# Weeds: Season 6



## CrusaderFrank

With Netflix on the Wii, the wife and I went through the first 5 Seasons in the last six weeks. 

I really liked the "Little Boxes" feel of the first 2 seasons and unfortunately, because the producers feel they must constantly up the stakes, the show began to go in a direction I'm not terribly fond of. 

Season Three was just plain fucking stupid and Season 4 and 5 with the Mexican Mafia Theme, eh, bad call.  At the end of Season 5, I was singing "Little Boxes" to myself but it's clear we're not in Agrestic anymore Toto.

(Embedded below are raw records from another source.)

(* For each prime power $q$ there exists a $q^2$-divisible set $\mathcal{C}$ of points in a projective space over $\mathbb{F}_q$ with $|\mathcal{C}|=3q^3-q^2-q-1$ whose span has dimension $k$ satisfying $\max\{8,q+5\}\le k\le\max\{8,2q+3\}$.
   Context: Points are $1$-dimensional subspaces of $\mathbb{F}_q^v$. A set $\mathcal{C}$ of points is $\Delta$-divisible if there is an integer $u$ with $|\mathcal{C}\cap H|\equiv u\pmod{\Delta}$ for every hyperplane $H$ of $\mathbb{F}_q^v$, where $\mathcal{C}\cap H$ is the set of points of $\mathcal{C}$ contained in $H$. *)

theory Defs
  imports Complex_Main "HOL-Number_Theory.Cong" "HOL-Library.Function_Algebras"
begin

text \<open>Vectors of F^v are modelled as functions nat => F vanishing outside {0..<v};
  the field F is a finite field type, F = F_q with q = CARD(F).\<close>

definition fscale :: "'a::field \<Rightarrow> (nat \<Rightarrow> 'a) \<Rightarrow> (nat \<Rightarrow> 'a)" where
  "fscale c x = (\<lambda>i. c * x i)"

lemma vector_space_fscale: "vector_space (fscale :: 'a::field \<Rightarrow> _)"
  by unfold_locales (simp_all add: fscale_def algebra_simps fun_eq_iff)

definition ambient :: "nat \<Rightarrow> (nat \<Rightarrow> 'a::field) set" where
  "ambient v = {x. \<forall>i\<ge>v. x i = 0}"

definition is_subspace :: "(nat \<Rightarrow> 'a::field) set \<Rightarrow> bool" where
  "is_subspace S = module.subspace (fscale :: 'a \<Rightarrow> _) S"

definition fdim :: "(nat \<Rightarrow> 'a::field) set \<Rightarrow> nat" where
  "fdim S = vector_space.dim (fscale :: 'a \<Rightarrow> _) S"

definition points :: "nat \<Rightarrow> (nat \<Rightarrow> 'a::field) set set" where
  "points v = {P. P \<subseteq> ambient v \<and> is_subspace P \<and> fdim P = 1}"

definition hyperplanes :: "nat \<Rightarrow> (nat \<Rightarrow> 'a::field) set set" where
  "hyperplanes v = {H. H \<subseteq> ambient v \<and> is_subspace H \<and> fdim H = v - 1}"

definition divisible :: "nat \<Rightarrow> int \<Rightarrow> (nat \<Rightarrow> 'a::field) set set \<Rightarrow> bool" where
  "divisible v \<Delta> C = (\<exists>u::int. \<forall>H \<in> hyperplanes v.
      [int (card {P \<in> C. P \<subseteq> H}) = u] (mod \<Delta>))"

end

(* The nonzero vectors of the point set are the union of three pieces of coordinate
   subspaces of F_q^(q+7): q - 1 planes through a common line L with L removed, a solid S
   through L with a plane of S and L removed, and a solid T meeting S in a point P of L with a
   plane of T and P removed.  Counting vectors rather than points, a k-dimensional coordinate
   subspace meets every hyperplane in q^k or q^(k-1) vectors, so in q^2 Z when k >= 3.  By
   inclusion-exclusion the number of vectors of the set in a hyperplane H is a sum of such
   counts, except that L enters with coefficient -q and the zero subspace with coefficient 1;
   hence it is 1 mod q^2.  Dividing by the q - 1 vectors per point, the number of points in H
   is -(q + 1) mod q^2. *)

theory Submission
  imports Defs "HOL-Library.FuncSet" "HOL-Library.Indicator_Function"
begin

lemma (in vector_space) span_insert_eq_of_card_le_Suc_dim:
  assumes H: "subspace H" "H \<subseteq> span E" and E: "finite E" "card E \<le> dim H + 1"
    and y: "y \<in> span E" "y \<notin> H"
  shows "span (insert y H) = span E"
proof
  show "span (insert y H) \<subseteq> span E"
    using H(2) y(1) by (simp add: span_minimal)
  show "span E \<subseteq> span (insert y H)"
  proof
    fix z assume z: "z \<in> span E"
    obtain B where B: "B \<subseteq> H" "independent B" "H \<subseteq> span B" "card B = dim H"
      using basis_exists by blast
    have "finite B"
      using independent_span_bound[OF E(1) B(2)] B(1) H(2) by blast
    have "span B = H"
      using B H(1) span_subspace by blast
    show "z \<in> span (insert y H)"
    proof (rule ccontr)
      \<comment> \<open>otherwise a basis of H, y and z would be dim H + 2 independent vectors in span E\<close>
      assume "z \<notin> span (insert y H)"
      then have z_new: "z \<notin> span (insert y B)"
        using span_mono[of "insert y B" "insert y H"] B(1) by blast
      have y_new: "y \<notin> span B"
        using \<open>span B = H\<close> y(2) by simp
      have "independent (insert z (insert y B))"
        by (intro independent_insertI z_new y_new B(2))
      moreover have "insert z (insert y B) \<subseteq> span E"
        using z y(1) B(1) H(2) by blast
      ultimately have "card (insert z (insert y B)) \<le> card E"
        using independent_span_bound[OF E(1)] by blast
      moreover have "card (insert z (insert y B)) = dim H + 2"
      proof -
        have "y \<notin> B" "z \<notin> insert y B"
          using y_new z_new span_base by blast+
        then show ?thesis
          using \<open>finite B\<close> B(4) by simp
      qed
      ultimately show False
        using E(2) by simp
    qed
  qed
qed

lemma (in vector_space) dim_Union_span_singleton:
  "dim (\<Union>x\<in>V. span {x}) = dim V"
proof (rule span_eq_dim)
  have "V \<subseteq> (\<Union>x\<in>V. span {x})"
    using span_base by blast
  moreover have "(\<Union>x\<in>V. span {x}) \<subseteq> span V"
    by (intro UN_least span_mono) simp
  ultimately show "span (\<Union>x\<in>V. span {x}) = span V"
    by (simp add: span_eq span_superset subset_trans)
qed
(* Let $G$ be a finite simple connected graph and let $C$ be a circuit of the toric ideal $I_G$ (i.e. $C\in\mathcal{C}_{A_G}$). Then $\operatorname{index}(C)=1$; consequently the true degree of $C$ equals its degree: $\operatorname{true\,deg}(C)=\deg(C)$.
   Context: Let $G$ be a finite simple connected graph with vertices $v_1,\dots,v_n$ and edges $e_1,\dots,e_m$. To each edge $e=\{v_i,v_j\}$ associate $a_e=\mathbf{v}_i+\mathbf{v}_j\in\mathbb{Z}^n$, where $\mathbf{v}_k$ denotes the $k$-th standard basis vector. Let $A_G=\{a_e : e\in E(G)\}$. For a finite set $A=\{\mathbf a_1,\dots,\mathbf a_m\}\subseteq\mathbb{N}^n$, the toric ideal $I_A\subseteq\mathbb{K}[x_1,\dots,x_m]$ ($\mathbb{K}$ a field) is the ideal generated by all binomials $\mathbf{x}^{\mathbf u}-\mathbf{x}^{\mathbf v}$ with $\mathbf u,\mathbf v\in\mathbb{N}^m$ and $\sum u_i\mathbf a_i=\sum v_i\mathbf a_i$; $I_G:=I_{A_G}$ in the polynomial ring $\mathbb{K}[e_1,\dots,e_m]$. A circuit of $I_A$ is an irreducible binomial $\mathbf{x}^{\mathbf u}-\mathbf{x}^{\mathbf v}\in I_A$ whose support (set of variables appearing) is minimal with respect to inclusion among nonzero binomials of $I_A$; $\mathcal{C}_A$ denotes the set of circuits. The support $\operatorname{supp}(C)$ of a circuit is regarded as the subset $\{\mathbf a_i : x_i \text{ appears in } C\}\subseteq A$. The index of $C$ is the (finite) index $\operatorname{index}(C)=[\,\mathbb{R}\operatorname{supp}(C)\cap\mathbb{Z}A : \mathbb{Z}\operatorname{supp}(C)\,]$, where $\mathbb{Z}A$ is the lattice generated by $A$. The degree of a binomial $\mathbf{x}^{\mathbf u}-\mathbf{x}^{\mathbf v}$ is the usual total degree (for $I_G$ all such binomials are homogeneous, so $\deg \mathbf{x}^{\mathbf u}=\deg\mathbf{x}^{\mathbf v}$). The true degree of a circuit $C$ is $\operatorname{true\,deg}(C)=\deg(C)\cdot\operatorname{index}(C)$. *)

theory Defs
  imports Complex_Main "HOL-Library.Poly_Mapping" "HOL-Computational_Algebra.Factorial_Ring"
begin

Spoiler Alert: I lose all sympathy for Nancy and her plight with the death of 2 DEA agents on her hands.


----------



## Shogun

My fiancee and I started watching this last night with season 1.  I dunno, man, I'm having a hard time feeling simpathetic towards the woman anyway; can't afford a lifestyle? sell the house, fire the MAID and go back to school instead of selling pot under bullshit rationalizations.


----------



## MikeK

I enjoyed the first season of _Weeds_ but it quickly went downhill from there.  I clicked on the latest episode because there was nothing else on and clicked off it after ten minutes.  

It's become utterly ridiculous and there is absolutely nothing redeeming about it.  It's not funny and it's not serious.  It's silly, inane and it's absurd.  And I'll never watch it again.


----------



## Toro

Saw the first few episodes with friends a while back.  I liked it.


----------